2. Generate an API Key.


## NVidia Image (recommended)

```
export HOST_NAME=`whoami`-inference
export PROJECT=$DEVSHELL_PROJECT_ID
export ZONE=europe-west4-a

gcloud beta compute --project "$PROJECT" \
  instances create "$HOST_NAME" \
  --zone "$ZONE" \
  --machine-type "n1-standard-4" \
  --subnet "default" \
  --maintenance-policy "TERMINATE" \
  --accelerator type=nvidia-tesla-p100,count=2 \
  --min-cpu-platform "Automatic" \
  --image nvidia-gpu-cloud-image-20180717 \
  --image-project nvidia-ngc-public \
  --boot-disk-size "200GB" \
  --boot-disk-type "pd-standard" \
  --boot-disk-device-name "$HOSTNAME" \
  --scopes=https://www.googleapis.com/auth/cloud-platform
```

## Ubuntu 16.04

### Install docker-engine and nvidia-docker

This assumes Ubuntu 16.04.

    sudo apt-get update && sudo apt-get install apt-transport-https ca-certificates curl -y
    sudo apt-key adv --keyserver hkp://p80.pool.sks-keyservers.net:80 \
        --recv-keys 58118E89F3A912897C070ADBF76221572C52609D
    echo "deb https://apt.dockerproject.org/repo ubuntu-xenial main" | sudo tee /etc/apt/sources.list.d/docker.list
    sudo apt-get update
    sudo apt-get -y install docker-engine=1.12.6-0~ubuntu-xenial

    wget -P /tmp https://github.com/NVIDIA/nvidia-docker/releases/download/v1.0.1/nvidia-docker_1.0.1-1_amd64.deb
    sudo dpkg -i /tmp/nvidia-docker*.deb && rm /tmp/nvidia-docker*.deb
    
    sudo usermod -a -G docker $USER

(You may need to log out and log in again in order to run docker commands as non-sudo)

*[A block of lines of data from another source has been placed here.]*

lemma Xtilde_phi_of:
  fixes X :: "real^'p::finite^'n"
  assumes "\<And>j. Th $ j $ j = 0"
  shows "Xtilde X (phi_of bp bm Th) = shl_fit X bp bm Th"
proof -
  have "(\<chi> j k. max (Th $ j $ k) 0) - (\<chi> j k. max (- Th $ j $ k) 0) = Th"
    by (simp add: vec_eq_iff max_def)
  then show ?thesis
    unfolding phi_of_def by (subst Xtilde_eq_shl_fit) (simp_all add: assms)
qed

text \<open>A pattern records the constraints active at a point: the zero sets of \<open>\<beta>\<^sup>+\<close> and \<open>\<beta>\<^sup>-\<close>,
  the tight hierarchy rows, the sign pattern of \<open>\<Theta>\<close>, and the ties \<open>\<beta>\<^sup>+\<^sub>j = \<beta>\<^sup>-\<^sub>j > 0\<close>.
  There are only finitely many patterns.\<close>

type_synonym 'p pattern =
  "'p set \<times> 'p set \<times> 'p set \<times> ('p \<times> 'p) set \<times> ('p \<times> 'p) set \<times> 'p set"

definition active_pattern :: "real^'p \<Rightarrow> real^'p \<Rightarrow> real^'p^'p \<Rightarrow> ('p::finite) pattern" where
  "active_pattern bp bm Th =
     ({j. bp $ j = 0}, {j. bm $ j = 0}, {j. (\<Sum>k\<in>UNIV. \<bar>Th $ j $ k\<bar>) = bp $ j + bm $ j},
      {(j, k). Th $ j $ k \<le> 0}, {(j, k). 0 \<le> Th $ j $ k}, {j. 0 < bp $ j \<and> bp $ j = bm $ j})"

definition pattern_space :: "('p::finite) pattern \<Rightarrow> 'p phi set" where
  "pattern_space pt = (case pt of (Zp, Zm, T, Np, Nm, _) \<Rightarrow>
     {(a, b, C, D).
        (\<forall>j. C $ j $ j = 0 \<and> D $ j $ j = 0) \<and>
        (\<forall>j k. C $ j $ k - D $ j $ k = C $ k $ j - D $ k $ j) \<and>
        (\<forall>j\<in>Zp. a $ j = 0) \<and> (\<forall>j\<in>Zm. b $ j = 0) \<and>
        (\<forall>j\<in>T. a $ j + b $ j = (\<Sum>k\<in>UNIV. C $ j $ k + D $ j $ k)) \<and>
        (\<forall>(j, k)\<in>Np. j \<noteq> k \<longrightarrow> C $ j $ k = 0) \<and>
        (\<forall>(j, k)\<in>Nm. j \<noteq> k \<longrightarrow> D $ j $ k = 0)})"

lemma active_space_eq_pattern_space:
  "active_space (phi_of bp bm Th) = pattern_space (active_pattern bp bm Th)"
proof -
  have "max x 0 + max (- x) 0 = \<bar>x\<bar>" for x :: real
    by (simp add: max_def)
  then have "(\<Sum>k\<in>UNIV. max (Th $ j $ k) 0 + max (- Th $ j $ k) 0) = (\<Sum>k\<in>UNIV. \<bar>Th $ j $ k\<bar>)" for j
    by simp
  then show ?thesis
    unfolding active_space_def phi_of_def pattern_space_def active_pattern_def
    by (auto simp: max_def algebra_simps)
qed

text \<open>The penalty term of shl_obj at \<open>phi_of bp bm Th\<close> is \<open>lam * lin_penalty (phi_of bp bm Th)\<close>.\<close>

definition lin_penalty :: "('p::finite) phi \<Rightarrow> real" where
  "lin_penalty v = (case v of (a, b, C, D) \<Rightarrow>
     (\<Sum>j\<in>UNIV. a $ j + b $ j) + 1/2 * (\<Sum>j\<in>UNIV. \<Sum>k\<in>UNIV - {j}. C $ j $ k + D $ j $ k))"

lemma eventually_pos_affine:
  assumes "(c::real) > 0"
  shows "eventually (\<lambda>t. 0 < c + t * d) (nhds 0)"
proof -
  have "((\<lambda>t. c + t * d) \<longlongrightarrow> c + 0 * d) (nhds 0)"
    by (intro tendsto_intros) (simp add: tendsto_ident_at filterlim_ident)
  then show ?thesis
    using assms by (auto dest: order_tendstoD(1))
qed

lemma eventually_nonneg_affine:
  assumes "0 \<le> (c::real)" and "c = 0 \<Longrightarrow> d = 0"
  shows "eventually (\<lambda>t. 0 \<le> c + t * d) (nhds 0)"
proof (cases "c = 0")
  case False
  with assms(1) have "c > 0" by simp
  from eventually_pos_affine[OF this, of d] show ?thesis
    by eventually_elim simp
qed (use assms in simp)

lemma eventually_abs_affine:
  assumes "(c::real) \<noteq> 0"
  shows "eventually (\<lambda>t. \<bar>c + t * d\<bar> = \<bar>c\<bar> + t * (sgn c * d)) (nhds 0)"
proof (cases "c > 0")
  case True
  from eventually_pos_affine[OF this, of d] show ?thesis
    by eventually_elim (use True in simp)
next
  case False
  with assms have "- c > 0" by simp
  from eventually_pos_affine[OF this, of "- d"] show ?thesis
    by eventually_elim (use False assms in \<open>simp add: sgn_if\<close>)
qed

lemma active_direction_abs:
  assumes diag: "\<And>j. Th $ j $ j = 0"
    and v: "(a, b, C, D) \<in> pattern_space (active_pattern bp bm Th)"
  shows "eventually (\<lambda>t. \<forall>j k. \<bar>(Th + t *\<^sub>R (C - D)) $ j $ k\<bar>
                              = \<bar>Th $ j $ k\<bar> + t * (C $ j $ k + D $ j $ k)) (nhds 0)"
proof -
  have "eventually (\<lambda>t. \<bar>Th $ j $ k + t * (C $ j $ k - D $ j $ k)\<bar>
                        = \<bar>Th $ j $ k\<bar> + t * (C $ j $ k + D $ j $ k)) (nhds 0)" for j k
  proof (cases "j = k \<or> Th $ j $ k = 0")
    case True
    with diag have "Th $ j $ k = 0" by auto
    moreover from v this have "C $ j $ k = 0" "D $ j $ k = 0"
      by (cases "j = k"; auto simp: pattern_space_def active_pattern_def)+
    ultimately show ?thesis by simp
  next
    case False
    with v have "sgn (Th $ j $ k) * (C $ j $ k - D $ j $ k) = C $ j $ k + D $ j $ k"
      by (auto simp: pattern_space_def active_pattern_def sgn_if)
    with eventually_abs_affine[of "Th $ j $ k" "C $ j $ k - D $ j $ k"] False show ?thesis
      by simp
  qed
  then show ?thesis
    by (intro eventually_all_finite) simp
qed

lemma active_direction_feasible:
  assumes feas: "shl_feasible bp bm Th"
    and v: "(a, b, C, D) \<in> pattern_space (active_pattern bp bm Th)"
  shows "eventually (\<lambda>t. shl_feasible (bp + t *\<^sub>R a) (bm + t *\<^sub>R b) (Th + t *\<^sub>R (C - D))) (nhds 0)"
proof -
  have diag: "\<And>j. Th $ j $ j = 0" and sym: "\<And>j k. Th $ j $ k = Th $ k $ j"
    and hier: "\<And>j. (\<Sum>k\<in>UNIV. \<bar>Th $ j $ k\<bar>) \<le> bp $ j + bm $ j"
    and nonneg: "\<And>j. 0 \<le> bp $ j" "\<And>j. 0 \<le> bm $ j"
    using feas by (auto simp: shl_feasible_def)
  have vdiag: "\<And>j. C $ j $ j = 0 \<and> D $ j $ j = 0"
    and vsym: "\<And>j k. C $ j $ k - D $ j $ k = C $ k $ j - D $ k $ j"
    and tight: "\<And>j. (\<Sum>k\<in>UNIV. \<bar>Th $ j $ k\<bar>) = bp $ j + bm $ j \<Longrightarrow>
                     a $ j + b $ j = (\<Sum>k\<in>UNIV. C $ j $ k + D $ j $ k)"
    and a0: "\<And>j. bp $ j = 0 \<Longrightarrow> a $ j = 0" and b0: "\<And>j. bm $ j = 0 \<Longrightarrow> b $ j = 0"
    using v by (auto simp: pattern_space_def active_pattern_def)
  define s where "s j = bp $ j + bm $ j - (\<Sum>k\<in>UNIV. \<bar>Th $ j $ k\<bar>)" for j
  define ds where "ds j = a $ j + b $ j - (\<Sum>k\<in>UNIV. C $ j $ k + D $ j $ k)" for j
  have "eventually (\<lambda>t. \<forall>j. 0 \<le> bp $ j + t * a $ j \<and> 0 \<le> bm $ j + t * b $ j
                          \<and> 0 \<le> s j + t * ds j) (nhds 0)"
    using hier by (intro eventually_all_finite eventually_conj eventually_nonneg_affine)
      (auto simp: nonneg a0 b0 s_def ds_def tight)
  with active_direction_abs[OF diag v] show ?thesis
  proof eventually_elim
    case (elim t)
    have "(\<Sum>k\<in>UNIV. \<bar>(Th + t *\<^sub>R (C - D)) $ j $ k\<bar>)
        = (\<Sum>k\<in>UNIV. \<bar>Th $ j $ k\<bar>) + t * (\<Sum>k\<in>UNIV. C $ j $ k + D $ j $ k)" for j
      using elim(1) by (simp add: sum.distrib sum_distrib_left[symmetric])
    moreover have "t * (C $ j $ k - D $ j $ k) = t * (C $ k $ j - D $ k $ j)" for j k
      using vsym by simp
    ultimately show ?case
      using elim(2) diag sym vdiag
      by (auto simp: shl_feasible_def s_def ds_def algebra_simps)
  qed
qed

lemma shl_obj_along_direction:
  fixes X :: "real^'p::finite^'n" and y :: "real^'n" and bp bm a b :: "real^'p"
    and Th C D :: "real^'p^'p"
  assumes diag: "\<And>j. Th $ j $ j = 0" "\<And>j. C $ j $ j = 0" "\<And>j. D $ j $ j = 0"
    and abs: "\<And>j k. \<bar>(Th + t *\<^sub>R (C - D)) $ j $ k\<bar> = \<bar>Th $ j $ k\<bar> + t * (C $ j $ k + D $ j $ k)"
  defines "r \<equiv> y - Xtilde X (phi_of bp bm Th)" and "m \<equiv> Xtilde X (a, b, C, D)"
  shows "shl_obj X y lam (bp + t *\<^sub>R a) (bm + t *\<^sub>R b) (Th + t *\<^sub>R (C - D))
     = shl_obj X y lam bp bm Th + t * (lam * lin_penalty (a, b, C, D) - inner r m)
       + t\<^sup>2 * (inner m m / 2)"
proof -
  have fit: "y - shl_fit X (bp + t *\<^sub>R a) (bm + t *\<^sub>R b) (Th + t *\<^sub>R (C - D)) = r - t *\<^sub>R m"
    by (simp add: r_def m_def shl_fit_affine Xtilde_phi_of Xtilde_eq_shl_fit diag)
  have "(norm (r - t *\<^sub>R m))\<^sup>2 = (norm r)\<^sup>2 - 2 * t * inner r m + t\<^sup>2 * inner m m"
    unfolding power2_norm_eq_inner by (simp add: inner_diff_left inner_diff_right inner_commute
        power2_eq_square algebra_simps)
  moreover have "(\<Sum>j\<in>UNIV. (bp + t *\<^sub>R a) $ j + (bm + t *\<^sub>R b) $ j)
      = (\<Sum>j\<in>UNIV. bp $ j + bm $ j) + t * (\<Sum>j\<in>UNIV. a $ j + b $ j)"
    by (simp add: sum.distrib sum_distrib_left algebra_simps)
  moreover have "(\<Sum>j\<in>UNIV. \<Sum>k\<in>UNIV - {j}. \<bar>(Th + t *\<^sub>R (C - D)) $ j $ k\<bar>)
      = (\<Sum>j\<in>UNIV. \<Sum>k\<in>UNIV - {j}. \<bar>Th $ j $ k\<bar>)
        + t * (\<Sum>j\<in>UNIV. \<Sum>k\<in>UNIV - {j}. C $ j $ k + D $ j $ k)"
    unfolding abs by (simp add: sum.distrib sum_distrib_left[symmetric])
  moreover have "y - shl_fit X bp bm Th = r"
    by (simp add: r_def Xtilde_phi_of diag)
  ultimately show ?thesis
    unfolding shl_obj_eq fit lin_penalty_def prod.case by (simp add: algebra_simps)
qed

lemma shl_stationarity:
  fixes X :: "real^'p::finite^'n"
  assumes sol: "shl_solution X y lam bp bm Th"
    and v: "v \<in> pattern_space (active_pattern bp bm Th)"
  shows "inner (y - Xtilde X (phi_of bp bm Th)) (Xtilde X v) = lam * lin_penalty v"
proof -
  obtain a b C D where v_eq: "v = (a, b, C, D)"
    by (cases v)
  have feas: "shl_feasible bp bm Th"
    using sol by (simp add: shl_solution_def)
  then have diag: "\<And>j. Th $ j $ j = 0"
    by (simp add: shl_feasible_def)
  have vdiag: "\<And>j. C $ j $ j = 0" "\<And>j. D $ j $ j = 0"
    using v by (simp_all add: v_eq pattern_space_def active_pattern_def)
  define r where "r = y - Xtilde X (phi_of bp bm Th)"
  define m where "m = Xtilde X v"
  define g where "g t = t * (lam * lin_penalty v - inner r m) + t\<^sup>2 * (inner m m / 2)" for t
  have "eventually (\<lambda>t. g 0 \<le> g t) (nhds 0)"
    using active_direction_feasible[OF feas v[unfolded v_eq]] active_direction_abs[OF diag v[unfolded v_eq]]
  proof eventually_elim
    case (elim t)
    then have "shl_obj X y lam bp bm Th
        \<le> shl_obj X y lam (bp + t *\<^sub>R a) (bm + t *\<^sub>R b) (Th + t *\<^sub>R (C - D))"
      using sol by (simp add: shl_solution_def)
    also have "\<dots> = shl_obj X y lam bp bm Th + g t"
      using elim(2) by (simp add: shl_obj_along_direction diag vdiag g_def r_def m_def v_eq)
    finally show ?case
      by (simp add: g_def)
  qed
  then obtain d where "d > 0" "\<forall>t. \<bar>0 - t\<bar> < d \<longrightarrow> g 0 \<le> g t"
    unfolding eventually_nhds_metric dist_real_def by auto
  moreover have "DERIV g 0 :> lam * lin_penalty v - inner r m"
    unfolding g_def by (auto intro!: derivative_eq_intros)
  ultimately have "lam * lin_penalty v - inner r m = 0"
    using DERIV_local_min by blast
  then show ?thesis
    by (simp add: r_def m_def)
qed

### Start an Inference Server instance

1. Browse to [Inference Server images](https://ngc.nvidia.com/registry/nvidia-inferenceserver)

2. Login docker to NGC:

```
    docker login nvcr.io
```

You will be prompted to enter a Username and Password. Type “$oauthtoken” exactly as shown, and enter your NGC API key obtained during NGC account setup:

```
    Username: $oauthtoken
    Password: <Your NGC API Key>
```
 
3. Pull container for inference server.

```
    docker pull nvcr.io/nvidia/inferenceserver:18.07-py3
```

4. Download sample Model Store (ResNet50 implemented in Caffe)

```
    git clone https://github.com/NVIDIA/dl-inference-server.git
    cd dl-inference-store/examples
    ./fetch_models.sh
    cd ../..
```

4. Start the server instance

```
nvidia-docker run --rm --shm-size=1g --ulimit memlock=-1 --ulimit stack=67108864 -p8000:8000 -p8001:8001 -v"/home/lramsey/dl-inference-server/examples/models/resnet50_netdef":"/tmp/models" nvcr.io/nvidia/inferenceserver:18.07-py3 /opt/inference_server/bin/inference_server --model-store=/tmp/models
```

The nvidia-docker -v option maps ./dl-inference-server/examples/models/resnet50_netdef on the host into the container at /tmp/models, and the --model-store option to the Inference Server is used to point to /tmp/models as the model store.